I'd really like to give an emphatically positive response, but I suspect my fondness for G1 Ravage and the fun I've had fiddling with, posing and photographing the mold again is making me feel more warmly toward the set as a whole. If I remember correctly, Siege Battle Masters sold for about £5 each, so I wouldn't want to have paid more than about £10 for 'Decepticons Forever' Ravage on his own.
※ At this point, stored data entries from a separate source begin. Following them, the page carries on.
(* For $d\ge1$, let $A(d)$ be the sequence of the numbers $A(d,i,j)$, $0\le i\le d-1$, $1\le j\le d$, listed in increasing order of the pairs $(i,j)$ with respect to the total order $(i,j)<(i',j')$ iff $i<i'$, or $i=i'$ and $j>j'$. Then $A(d)$ is symmetric and unimodal; in particular its peak lies in the middle.
   Context: $S_d$ is the symmetric group on $[d]=\{1,\dots,d\}$. For $\sigma\in S_d$, $\mathrm{des}(\sigma)=\#\{i\in[d-1]:\sigma(i)>\sigma(i+1)\}$. For $0\le i\le d-1$ and $1\le j\le d$, $A(d,i,j)=\#\{\sigma\in S_d:\mathrm{des}(\sigma)=i,\ \sigma(1)=j\}$. A sequence $(s_0,\dots,s_N)$ is unimodal if $s_0\le\dots\le s_p\ge\dots\ge s_N$ for some $p$, and symmetric if $s_t=s_{N-t}$ for all $t$. *)

theory Defs
  imports "HOL-Combinatorics.Permutations"
begin

definition des :: "nat \<Rightarrow> (nat \<Rightarrow> nat) \<Rightarrow> nat" where
  "des d \<sigma> = card {i \<in> {1..d-1}. \<sigma> i > \<sigma> (Suc i)}"

definition A :: "nat \<Rightarrow> nat \<Rightarrow> nat \<Rightarrow> nat" where
  "A d i j = card {\<sigma>. \<sigma> permutes {1..d} \<and> des d \<sigma> = i \<and> \<sigma> 1 = j}"

text \<open>The sequence A(d), indexed t = 0 .. d^2 - 1: the pairs (i,j) ordered by
  (i,j) < (i',j') iff i < i', or i = i' and j > j'. Position t corresponds to
  i = t div d and j = d - t mod d.\<close>
definition Aseq :: "nat \<Rightarrow> nat \<Rightarrow> nat" where
  "Aseq d t = A d (t div d) (d - t mod d)"

definition symmetric_seq :: "(nat \<Rightarrow> nat) \<Rightarrow> nat \<Rightarrow> bool" where
  "symmetric_seq s N \<longleftrightarrow> (\<forall>t\<le>N. s t = s (N - t))"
That being the case, Covert Agent Ravage works out at £14.50 thanks to Hasbro's pre-Christmas discount, at a time when their standard Deluxe price has reached about £25. By that metric, paying 50p less than that for both toys is an absolute bargain... but, unfortunately, it doesn't make me feel any better about Covert Agent Ravage in and of himself.

Had he been adapted from the larger Tigatron mold, the greater mass allowing for greater finesse in the re-engineering, this version of Ravage could have been fantastic. As it stands, it manages to exceed even the original Kingdom Cheetor mold in its abject mediocrity. That said, I do find that I am glad to finally own an analogue of the original Beast Wars Metals toy, at a small fraction of that toy's current asking price on the secondary market. The fact that I paid just half the RRP for this set sweetens that even further... and, with this version in my collection, be it ever so flawed, I no longer feel any urge to chase the BWM toy.